Ari considered this, her head tilting slightly—a gesture that reminded Elsa of the way Ryxin moved, which meant she’d been in his orbit long enough to pick up his mannerisms. “Frame it as mercy, not politics. You’re the Alpha King’s claimed female pet, showing concern for lesser captives. It reads as softness, not threat.”
“And if softness doesn’t work?”
“Then we find another way.” Ari’s smile was sharp enough to cut. “I’ve learned a few things about navigating systems that weren’t built for people like us. Ryxin thinks I’m adjusting to my position. What I’m actually doing is mapping every weakness he hasn’t thought to protect.”
Something loosened in Elsa’s chest. She’d thought she was alone in this—one human woman against a fortress full of predators, trying to stay alive long enough to figure out the next move.
But Mia had been gathering intelligence through Yarx’s kindness.
Ari had been studying power structures while everyone assumed she was merely surviving.
They weren’t helpless. They weren’t broken.
They were adapting. The same way any species did when dropped into hostile territory—learning the terrain, finding the resources, building alliances that might mean the difference between death and something like freedom. Doing what it took to survive—that’s what humans were known for.
“This doesn’t leave this room,” Elsa said quietly. “Not until we have a plan. Not until we’re ready.”
Both women nodded.
“One more thing.” Mia’s voice was steadier now, some of that early terror replaced by something more determined.
“Yarx mentioned that the pit guards answer to a commander called Drekh. He’s been there for decades—one of the few who treats the position as a career instead of a punishment.

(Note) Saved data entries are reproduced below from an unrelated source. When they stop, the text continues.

definition init_tree :: tree where
  "init_tree = \<lparr>created = {[]}, expanded = {}, nch = (\<lambda>_ _. 0)\<rparr>"

text \<open>Randomness of one episode: u k j (j = 0..3) is the j-th fresh uniform [0,1] draw used
at depth k.  g is the greedy choice (argmax of the current value estimates) in this episode.
The descent returns the new tree and the set of nodes visited in this episode.
The first argument is fuel (never exhausted when started with cutoff_depth + 1).\<close>

fun descend ::
  "nat \<Rightarrow> real \<Rightarrow> real \<Rightarrow> real \<Rightarrow> real \<Rightarrow> nat \<Rightarrow> (bnode \<Rightarrow> nat) \<Rightarrow> (nat \<Rightarrow> nat \<Rightarrow> real)
   \<Rightarrow> tree \<Rightarrow> bnode \<Rightarrow> nat \<Rightarrow> tree \<times> node set" where
  "descend m ea ez \<gamma> \<epsilon> 0 g u T h k = (T, {B h})"
| "descend m ea ez \<gamma> \<epsilon> (Suc f) g u T h k =
    (if \<gamma> ^ k < \<epsilon> then (T, {B h})
     else if h \<notin> expanded T then (T\<lparr>expanded := insert h (expanded T)\<rparr>, {B h})
     else
       (let a = (if u k 0 < ea then min (m - 1) (nat \<lfloor>u k 1 * real m\<rfloor>) else g h);
            c = nch T h a
        in if c = 0 \<or> u k 2 < (real c + 1) powr ez
           then (T\<lparr>created := insert (h @ [(a, c)]) (created T),
                   nch := (nch T)(h := (nch T h)(a := Suc c))\<rparr>, {B h, BA h a})
           else
             (let i = min (c - 1) (nat \<lfloor>u k 3 * real c\<rfloor>);
                  r = descend m ea ez \<gamma> \<epsilon> f g u T (h @ [(a, i)]) (Suc k)
              in (fst r, snd r \<union> {B h, BA h a}))))"

definition cutoff_depth :: "real \<Rightarrow> real \<Rightarrow> nat" where
  "cutoff_depth \<gamma> \<epsilon> = (LEAST d. \<gamma> ^ d < \<epsilon>)"

text \<open>The random source: i.i.d. uniform [0,1] variables indexed by (episode, depth, slot).
Slots 0..3 are used by the descent; the remaining slots are free (e.g. for rollouts, on which
the value estimates, hence the greedy choice, may depend).\<close>

type_synonym rsrc = "nat \<times> nat \<times> nat \<Rightarrow> real"

definition Omega :: "rsrc measure" where
  "Omega = PiM UNIV (\<lambda>_. uniform_measure lborel {0..1::real})"

fun pomcp_tree ::
  "nat \<Rightarrow> real \<Rightarrow> real \<Rightarrow> real \<Rightarrow> real \<Rightarrow> (nat \<Rightarrow> bnode \<Rightarrow> rsrc \<Rightarrow> nat) \<Rightarrow> rsrc \<Rightarrow> nat \<Rightarrow> tree" where
  "pomcp_tree m ea ez \<gamma> \<epsilon> G \<omega> 0 = init_tree"
| "pomcp_tree m ea ez \<gamma> \<epsilon> G \<omega> (Suc n) =
     fst (descend m ea ez \<gamma> \<epsilon> (Suc (cutoff_depth \<gamma> \<epsilon>)) (\<lambda>h. G n h \<omega>) (\<lambda>k j. \<omega> (n, k, j))
            (pomcp_tree m ea ez \<gamma> \<epsilon> G \<omega> n) [] 0)"

text \<open>Nodes visited in episode n (episodes numbered from 0).\<close>
definition pomcp_visited ::
  "nat \<Rightarrow> real \<Rightarrow> real \<Rightarrow> real \<Rightarrow> real \<Rightarrow> (nat \<Rightarrow> bnode \<Rightarrow> rsrc \<Rightarrow> nat) \<Rightarrow> rsrc \<Rightarrow> nat \<Rightarrow> node set" where
  "pomcp_visited m ea ez \<gamma> \<epsilon> G \<omega> n =
     snd (descend m ea ez \<gamma> \<epsilon> (Suc (cutoff_depth \<gamma> \<epsilon>)) (\<lambda>h. G n h \<omega>) (\<lambda>k j. \<omega> (n, k, j))
            (pomcp_tree m ea ez \<gamma> \<epsilon> G \<omega> n) [] 0)"

definition tree_nodes :: "nat \<Rightarrow> tree \<Rightarrow> node set" where
  "tree_nodes m T = B ` created T \<union> {BA h a | h a. h \<in> expanded T \<and> a < m}"

end

theory Submission
  imports Defs
begin

text \<open>
  Fix a node \<open>h\<close> of the tree. At every later visit of \<open>h\<close>, a fixed action \<open>a\<close> is chosen with
  probability at least \<open>ea / m\<close>, independently of the past; and once \<open>h a\<close> has \<open>c > i\<close> children, the
  descent re-enters its \<open>i\<close>-th child with probability at least \<open>(ea / m) (1 - 2 powr ez) / c\<close>, where
  \<open>c\<close> grows at most by one per visit. Since these conditional probabilities are not summable, a
  conditional form of the second Borel--Cantelli lemma shows that almost surely infinitely many
  visits of a node entail infinitely many visits of each of its children; induction on the depth of
  the node gives the theorem. Conditioning on the past is realised by redrawing only the uniform
  draws used at one depth of one episode, which leaves the product measure invariant.
\<close>

section \<open>Independent uniform draws\<close>

abbreviation unif01 :: "real measure" where
  "unif01 \<equiv> uniform_measure lborel {0..1::real}"

lemma prob_space_unif01: "prob_space unif01"
  by (intro prob_space_uniform_measure) auto

lemma space_Omega [simp]: "space Omega = UNIV"
  by (simp add: Omega_def space_PiM)

lemma prob_space_Omega: "prob_space Omega"
  unfolding Omega_def by (intro prob_space_PiM prob_space_unif01)

interpretation Pr: prob_space Omega
  by (rule prob_space_Omega)

lemma measurable_coordinate [measurable]: "(\<lambda>\<omega>. \<omega> i) \<in> borel_measurable Omega"
proof -
  have "(\<lambda>\<omega>. \<omega> i) \<in> measurable (PiM UNIV (\<lambda>_. unif01)) unif01"
    by (rule measurable_component_singleton) simp
  then show ?thesis
    unfolding Omega_def using measurable_cong_sets[OF refl, of unif01 borel] by simp
qed

lemma prod_emb_unif01_eq_cylinder:
  "prod_emb UNIV (\<lambda>_. unif01) J (Pi\<^sub>E J A) = {y. \<forall>i\<in>J. y i \<in> A i}"
  by (auto simp: prod_emb_def PiE_iff)

lemma cylinder_sets_Omega:
  assumes "finite J" and "\<And>i. i \<in> J \<Longrightarrow> A i \<in> sets borel"
  shows "{y. \<forall>i\<in>J. y i \<in> A i} \<in> sets Omega"
proof -
  have "prod_emb UNIV (\<lambda>_. unif01) J (Pi\<^sub>E J A) \<in> sets Omega"
    unfolding Omega_def using assms by (intro sets_PiM_I) auto
  then show ?thesis by (simp only: prod_emb_unif01_eq_cylinder)
qed

lemma emeasure_Omega_cylinder:
  assumes "finite J" and "\<And>i. i \<in> J \<Longrightarrow> A i \<in> sets borel"
  shows "emeasure Omega {y. \<forall>i\<in>J. y i \<in> A i} = (\<Prod>i\<in>J. emeasure unif01 (A i))"
proof -
  have "emeasure Omega (prod_emb UNIV (\<lambda>_. unif01) J (Pi\<^sub>E J A)) = (\<Prod>i\<in>J. emeasure unif01 (A i))"
    unfolding Omega_def using assms by (intro emeasure_PiM_emb prob_space_unif01) auto
  then show ?thesis by (simp only: prod_emb_unif01_eq_cylinder)
qed

lemma measure_Omega_cylinder:
  assumes "finite J" and "\<And>i. i \<in> J \<Longrightarrow> A i \<in> sets borel"
  shows "measure Omega {y. \<forall>i\<in>J. y i \<in> A i} = (\<Prod>i\<in>J. measure unif01 (A i))"
proof -
  interpret unif01: prob_space unif01 by (rule prob_space_unif01)
  have "ennreal (measure Omega {y. \<forall>i\<in>J. y i \<in> A i}) = (\<Prod>i\<in>J. ennreal (measure unif01 (A i)))"
    using emeasure_Omega_cylinder[OF assms]
    by (simp add: Pr.emeasure_eq_measure unif01.emeasure_eq_measure)
  also have "\<dots> = ennreal (\<Prod>i\<in>J. measure unif01 (A i))"
    by (rule prod_ennreal) simp
  finally show ?thesis
    by (subst (asm) ennreal_inj) (auto intro: prod_nonneg)
qed

lemma measure_unif01_atLeastLessThan:
  "0 \<le> a \<Longrightarrow> a \<le> b \<Longrightarrow> b \<le> 1 \<Longrightarrow> measure unif01 {a..<b} = b - a"
proof -
  assume "0 \<le> a" "a \<le> b" "b \<le> 1"
  moreover have "{0..1::real} \<inter> {a..<b} = {a..<b}" using \<open>0 \<le> a\<close> \<open>b \<le> 1\<close> by auto
  ultimately show ?thesis by (subst measure_uniform_measure) auto
qed

lemma measure_unif01_lessThan:
  "0 \<le> a \<Longrightarrow> a \<le> 1 \<Longrightarrow> measure unif01 {..<a} = a"
proof -
  assume "0 \<le> a" "a \<le> 1"
  moreover have "{0..1::real} \<inter> {..<a} = {0..<a}" using \<open>a \<le> 1\<close> by auto
  ultimately show ?thesis by (subst measure_uniform_measure) auto
qed

lemma measure_unif01_atLeast:
  "0 \<le> a \<Longrightarrow> a \<le> 1 \<Longrightarrow> measure unif01 {a..} = 1 - a"
proof -
  assume "0 \<le> a" "a \<le> 1"
  moreover have "{0..1::real} \<inter> {a..} = {a..1}" using \<open>0 \<le> a\<close> by auto
  ultimately show ?thesis by (subst measure_uniform_measure) auto
qed

lemma measure_unif01_cell:
  assumes "i < c"
  shows "measure unif01 {real i / real c..<(real i + 1) / real c} = 1 / real c"
proof -
  have "measure unif01 {real i / real c..<(real i + 1) / real c} = (real i + 1) / real c - real i / real c"
    using assms by (intro measure_unif01_atLeastLessThan) (auto simp: divide_right_mono)
  also have "\<dots> = 1 / real c"
    by (simp add: diff_divide_distrib[symmetric])
  finally show ?thesis .
qed

lemma nat_floor_mult_cell:
  fixes y :: real and c i :: nat
  assumes "0 < c" "real i / real c \<le> y" "y < (real i + 1) / real c"
  shows "nat \<lfloor>y * real c\<rfloor> = i"
proof -
  have "real i \<le> y * real c" "y * real c < real i + 1"
    using assms by (auto simp: field_simps)
  then have "\<lfloor>y * real c\<rfloor> = int i" by (intro floor_unique) auto
  then show ?thesis by simp
qed

lemma measure_Collect_not_le:
  assumes "Measurable.pred Omega P" and "E \<in> sets Omega" and "\<And>y. y \<in> E \<Longrightarrow> P y"
  shows "measure Omega {y. \<not> P y} \<le> 1 - measure Omega E"
proof -
  have "measure Omega {y. \<not> P y} \<le> measure Omega (space Omega - E)"
    using assms sets.compl_sets[OF assms(2)] by (intro Pr.finite_measure_mono) auto
  then show ?thesis using Pr.prob_compl[OF assms(2)] by simp
qed

definition redraw :: "nat \<Rightarrow> nat \<Rightarrow> rsrc \<Rightarrow> rsrc \<Rightarrow> rsrc" where
  "redraw k N x y = (\<lambda>i. if fst i = N \<and> fst (snd i) = k then y i else x i)"

lemma redraw_other: "n' \<noteq> N \<or> k' \<noteq> k \<Longrightarrow> redraw k N x y (n', k', j) = x (n', k', j)"
  by (auto simp: redraw_def)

If you want legitimate access, he’s the one you need to convince. ”
Another name for the map. Drekh. Pit commander. The kind of authority figure who might respond to mercy or might respond to pressure, depending on what motivated him.
“How do I reach him?”
“Through proper channels, you’d need Sylas’s permission to even approach the pit access corridors. The Lux Sabers would have to escort you.” Ari paused. “But there’s another option. Ryxin has contacts in the lower levels. People who owe him favors. If I ask carefully—”
“No.” Elsa shook her head. “Not yet. If this goes wrong, I don’t want it touching either of you. Let me try the official route first. Make requests. Be patient. Show them I’m not a threat.”
Weaponized civility. The phrase floated through her mind, carrying echoes of corporate negotiations and diplomatic standoffs from a life that felt like it belonged to someone else.
She’d learned how to be polite while being immovable.
How to smile while applying pressure. How to make her demands sound like reasonable requests until suddenly they weren’t requests at all.
She could do this.
A knock at the door made all three women freeze.
“Five minutes.” Yarx’s voice came muffled through the wood.
The hour had vanished while they talked. It had felt like minutes—the way time always collapsed when something important was happening.
Elsa stood, and the other women rose with her.
“This was good.” She didn’t try to make the words soft or sentimental. They weren’t that kind of group—not yet, maybe not ever. They were survivors in enemy territory, pooling resources because the alternative was dying alone. “We do this again. As often as we can.”
“Yarx will help,” Mia said. “He likes that I’m...less fragile when I have people to talk to.”
“And Ryxin won’t question my visiting the infirmary suite.” Ari’s smile had an edge to it. “He thinks human women need to cluster. It makes us easier to manage, in his mind.”
“Then we let them think that.” Elsa moved toward the door, then paused. “Rowan and Milo. Whatever it takes.”